## Problem
Wherever the word "zeta" appears in a line of the data, that line should be copied.

*** Begin section ***

definition cyclotomic_poly :: "nat \<Rightarrow> complex poly" where
  "cyclotomic_poly n =
     (\<Prod>k\<in>{k. k < n \<and> coprime k n}. [:- exp (2 * pi * \<i> * of_nat k / of_nat n), 1:])"

definition cyclo_primes :: "nat \<Rightarrow> nat set" where
  "cyclo_primes l = {p. prime p \<and>
     (\<exists>d::nat. \<exists>m::int. poly (cyclotomic_poly l) (of_nat d) = of_int (int p * m))}"

definition primitive_root_unity :: "nat \<Rightarrow> complex \<Rightarrow> bool" where
  "primitive_root_unity l z \<longleftrightarrow> 0 < l \<and> z ^ l = 1 \<and> (\<forall>k. 0 < k \<and> k < l \<longrightarrow> z ^ k \<noteq> 1)"

definition int_adjoin :: "complex \<Rightarrow> complex set" where
  "int_adjoin z = {poly (map_poly of_int f) z | f :: int poly. True}"

definition is_ideal_in :: "complex set \<Rightarrow> complex set \<Rightarrow> bool" where
  "is_ideal_in R I \<longleftrightarrow> I \<subseteq> R \<and> 0 \<in> I \<and>
     (\<forall>x\<in>I. \<forall>y\<in>I. x + y \<in> I) \<and> (\<forall>x\<in>I. - x \<in> I) \<and>
     (\<forall>r\<in>R. \<forall>x\<in>I. r * x \<in> I)"

definition is_prime_ideal_in :: "complex set \<Rightarrow> complex set \<Rightarrow> bool" where
  "is_prime_ideal_in R I \<longleftrightarrow> is_ideal_in R I \<and> I \<noteq> R \<and>
     (\<forall>a\<in>R. \<forall>b\<in>R. a * b \<in> I \<longrightarrow> a \<in> I \<or> b \<in> I)"

definition cideal_prod :: "complex set \<Rightarrow> complex set \<Rightarrow> complex set" where
  "cideal_prod I J = {(\<Sum>i<n. a i * b i) | (n::nat) a b. (\<forall>i<n. a i \<in> I \<and> b i \<in> J)}"

definition lies_above :: "complex set \<Rightarrow> nat \<Rightarrow> bool" where
  "lies_above I p \<longleftrightarrow> {k::int. of_int k \<in> I} = {k. int p dvd k}"

end

theory Submission
  imports Defs
begin

(* Fix d with d - zeta in P^2 and put v = zeta - d. Every element of Z[zeta] is an integer
   modulo v and P meets Z in pZ, so P is generated by p and v, and P^2 lies in Q = pP + vP.
   The ideal Q contains v and p^2 but not p, since P is proper; hence Q meets Z in p^2 Z.
   So all natural numbers d with d - zeta in P^2 lie in one residue class modulo p^2, and at
   most T / p^2 + 1 members of such a class lie below T. *)

lemma mem_elt_set_times_plus_iff:
  "x \<in> a *o A + b *o B \<longleftrightarrow> (\<exists>u\<in>A. \<exists>w\<in>B. x = a * u + b * w)"
  by (auto simp: set_plus_def elt_set_times_def)

lemma sum_mem_ideal:
  assumes "is_ideal_in R I" and "finite A" and "\<forall>i\<in>A. x i \<in> I"
  shows "(\<Sum>i\<in>A. x i) \<in> I"
  using assms(2,3)
proof (induction A rule: finite_induct)
  case empty
  then show ?case using assms(1) unfolding is_ideal_in_def by simp
next
  case (insert i A)
  then show ?case using assms(1) unfolding is_ideal_in_def by simp
qed

lemma cideal_prod_subset_right:
  assumes "is_ideal_in R J" and "I \<subseteq> R"
  shows "cideal_prod I J \<subseteq> J"
proof
  fix x assume "x \<in> cideal_prod I J"
  then obtain n :: nat and a b :: "nat \<Rightarrow> complex" where
    x: "x = (\<Sum>i<n. a i * b i)" and ab: "\<forall>i<n. a i \<in> I \<and> b i \<in> J"
    unfolding cideal_prod_def by blast
  have "\<forall>i\<in>{..<n}. a i * b i \<in> J"
    using ab assms unfolding is_ideal_in_def by blast
  then show "x \<in> J"
    unfolding x by (intro sum_mem_ideal[OF assms(1)]) auto
qed

lemma elt_set_times_plus_subset_ideal:
  assumes "is_ideal_in R P" and "a \<in> R" and "b \<in> R"
  shows "a *o P + b *o P \<subseteq> P"
  using assms unfolding is_ideal_in_def by (auto simp: mem_elt_set_times_plus_iff)

lemma is_ideal_in_elt_set_times_plus:
  assumes "is_ideal_in R P" and "a \<in> R" and "b \<in> R"
  shows "is_ideal_in R (a *o P + b *o P)"
proof -
  have "x + y \<in> a *o P + b *o P" if "x \<in> a *o P + b *o P" "y \<in> a *o P + b *o P" for x y
  proof -
    from that obtain u w u' w' where "u \<in> P" "w \<in> P" "u' \<in> P" "w' \<in> P"
      and "x = a * u + b * w" "y = a * u' + b * w'"
      by (auto simp: mem_elt_set_times_plus_iff)
    moreover have "x + y = a * (u + u') + b * (w + w')"
      using calculation by (simp add: algebra_simps)
    ultimately show ?thesis
      using assms(1) unfolding is_ideal_in_def mem_elt_set_times_plus_iff by blast
  qed
  moreover have "- x \<in> a *o P + b *o P" if "x \<in> a *o P + b *o P" for x
  proof -
    from that obtain u w where "u \<in> P" "w \<in> P" "x = a * u + b * w"
      by (auto simp: mem_elt_set_times_plus_iff)
    moreover have "- x = a * - u + b * - w"
      using calculation by simp
    ultimately show ?thesis
      using assms(1) unfolding is_ideal_in_def mem_elt_set_times_plus_iff by blast
  qed
  moreover have "r * x \<in> a *o P + b *o P" if "r \<in> R" "x \<in> a *o P + b *o P" for r x
  proof -
    from that obtain u w where "u \<in> P" "w \<in> P" "x = a * u + b * w"
      by (auto simp: mem_elt_set_times_plus_iff)
    moreover have "r * x = a * (r * u) + b * (r * w)"
      using calculation by (simp add: algebra_simps)
    ultimately show ?thesis
      using assms(1) \<open>r \<in> R\<close> unfolding is_ideal_in_def mem_elt_set_times_plus_iff by blast
  qed
  moreover have "0 = a * 0 + b * (0::complex)"
    by simp
  then have "0 \<in> a *o P + b *o P"
    using assms(1) unfolding is_ideal_in_def mem_elt_set_times_plus_iff by blast
  moreover have "a *o P + b *o P \<subseteq> R"
    using elt_set_times_plus_subset_ideal[OF assms] assms(1) unfolding is_ideal_in_def by blast
  ultimately show ?thesis
    unfolding is_ideal_in_def by blast
qed

lemma cideal_prod_subset_elt_set_times_plus:
  assumes P: "is_ideal_in R P" and "a \<in> R" and "b \<in> R"
    and gen: "P \<subseteq> a *o R + b *o R"
  shows "cideal_prod P P \<subseteq> a *o P + b *o P"
proof
  fix x assume "x \<in> cideal_prod P P"
  then obtain n :: nat and c e :: "nat \<Rightarrow> complex" where
    x: "x = (\<Sum>i<n. c i * e i)" and ce: "\<forall>i<n. c i \<in> P \<and> e i \<in> P"
    unfolding cideal_prod_def by blast
  have "c i * e i \<in> a *o P + b *o P" if "i < n" for i
  proof -
    have "c i \<in> a *o R + b *o R"
      using gen ce \<open>i < n\<close> by blast
    then obtain r s where "r \<in> R" "s \<in> R" "c i = a * r + b * s"
      unfolding mem_elt_set_times_plus_iff by blast
    moreover have "c i * e i = a * (r * e i) + b * (s * e i)"
      using calculation by (simp add: algebra_simps)
    ultimately show ?thesis
      using P ce \<open>i < n\<close> unfolding is_ideal_in_def mem_elt_set_times_plus_iff by blast
  qed
  then show "x \<in> a *o P + b *o P"
    unfolding x by (intro sum_mem_ideal[OF is_ideal_in_elt_set_times_plus[OF assms(1-3)]]) auto
qed

text \<open>If a = a u + b w and b = a u' + b w' with all coefficients in P, the determinant
  (1 - u) (1 - w') - u' w vanishes, which puts 1 into P.\<close>
lemma not_mem_elt_set_times_plus:
  assumes P: "is_ideal_in R P" and "P \<noteq> R" and "a \<noteq> 0" and "b \<noteq> 0"
    and "b \<in> a *o P + b *o P"
  shows "a \<notin> a *o P + b *o P"
proof
  assume "a \<in> a *o P + b *o P"
  then obtain u w where uw: "u \<in> P" "w \<in> P" "a = a * u + b * w"
    by (auto simp: mem_elt_set_times_plus_iff)
  obtain u' w' where uw': "u' \<in> P" "w' \<in> P" "b = a * u' + b * w'"
    using assms(5) by (auto simp: mem_elt_set_times_plus_iff)
  have "((1 - u) * (1 - w') - u' * w) * (a * b) = 0"
    using uw(3) uw'(3) by algebra
  then have "(1 - u) * (1 - w') = u' * w"
    using \<open>a \<noteq> 0\<close> \<open>b \<noteq> 0\<close> by simp
  then have "1 = u + w' + - (u * w') + u' * w"
    by (simp add: algebra_simps)
  also have "\<dots> \<in> P"
    using P uw uw' unfolding is_ideal_in_def by (meson subsetD)
  finally have "1 \<in> P" .
  then have "R \<subseteq> P"
    using P unfolding is_ideal_in_def by (metis mult.right_neutral subsetI)
  then show False
    using P \<open>P \<noteq> R\<close> unfolding is_ideal_in_def by blast
qed

lemma int_mem_ideal_sq_dvd:
  fixes p n :: int
  assumes Q: "is_ideal_in R Q" and ints: "\<And>k. of_int k \<in> R" and "prime p"
    and "of_int p \<notin> Q" and "of_int (p ^ 2) \<in> Q" and dvd: "\<And>k. of_int k \<in> Q \<Longrightarrow> p dvd k"
    and n: "of_int n \<in> Q"
  shows "p ^ 2 dvd n"
proof (rule ccontr)
  assume "\<not> p ^ 2 dvd n"
  obtain m where m: "n = p * m"
    using dvd[OF n] by blast
  have "\<not> p dvd m"
    using \<open>\<not> p ^ 2 dvd n\<close> m by (auto simp: power2_eq_square)
  then have "coprime p m"
    using \<open>prime p\<close> by (simp add: prime_imp_coprime)
  then obtain s t where "s * p + t * m = 1"
    by (metis bezout_int coprime_iff_gcd_eq_1)
  then have "p = t * n + s * p ^ 2"
    using m by algebra
  then have "(of_int p :: complex) = of_int t * of_int n + of_int s * of_int (p ^ 2)"
    by (metis of_int_add of_int_mult)
  also have "\<dots> \<in> Q"
    using Q ints n \<open>of_int (p ^ 2) \<in> Q\<close> unfolding is_ideal_in_def by blast
  finally have "of_int p \<in> Q" .
  with \<open>of_int p \<notin> Q\<close> show False ..
qed

lemma poly_of_int_eq_linear_mult_plus:
  fixes f :: "int poly" and z :: complex
  shows "\<exists>g. poly (map_poly of_int f) z = (z - of_int c) * poly (map_poly of_int g) z + of_int (poly f c)"
proof (induction f rule: pCons_induct)
  case 0
  show ?case by (intro exI[of _ 0]) simp
next
  case (pCons a f)
  then obtain g where g:
    "poly (map_poly of_int f) z = (z - of_int c) * poly (map_poly of_int g) z + of_int (poly f c)"
    by blast
  show ?case
    by (intro exI[of _ "pCons (poly f c) g"]) (simp add: map_poly_pCons g algebra_simps)
qed

lemma of_int_mem_int_adjoin: "of_int k \<in> int_adjoin z"
  unfolding int_adjoin_def by (intro CollectI exI[of _ "[:k:]"]) (simp add: map_poly_pCons)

*** End section ***

## Expected output
(* Fix d with d - zeta in P^2 and put v = zeta - d. Every element of Z[zeta] is an integer
   So all natural numbers d with d - zeta in P^2 lie in one residue class modulo p^2, and at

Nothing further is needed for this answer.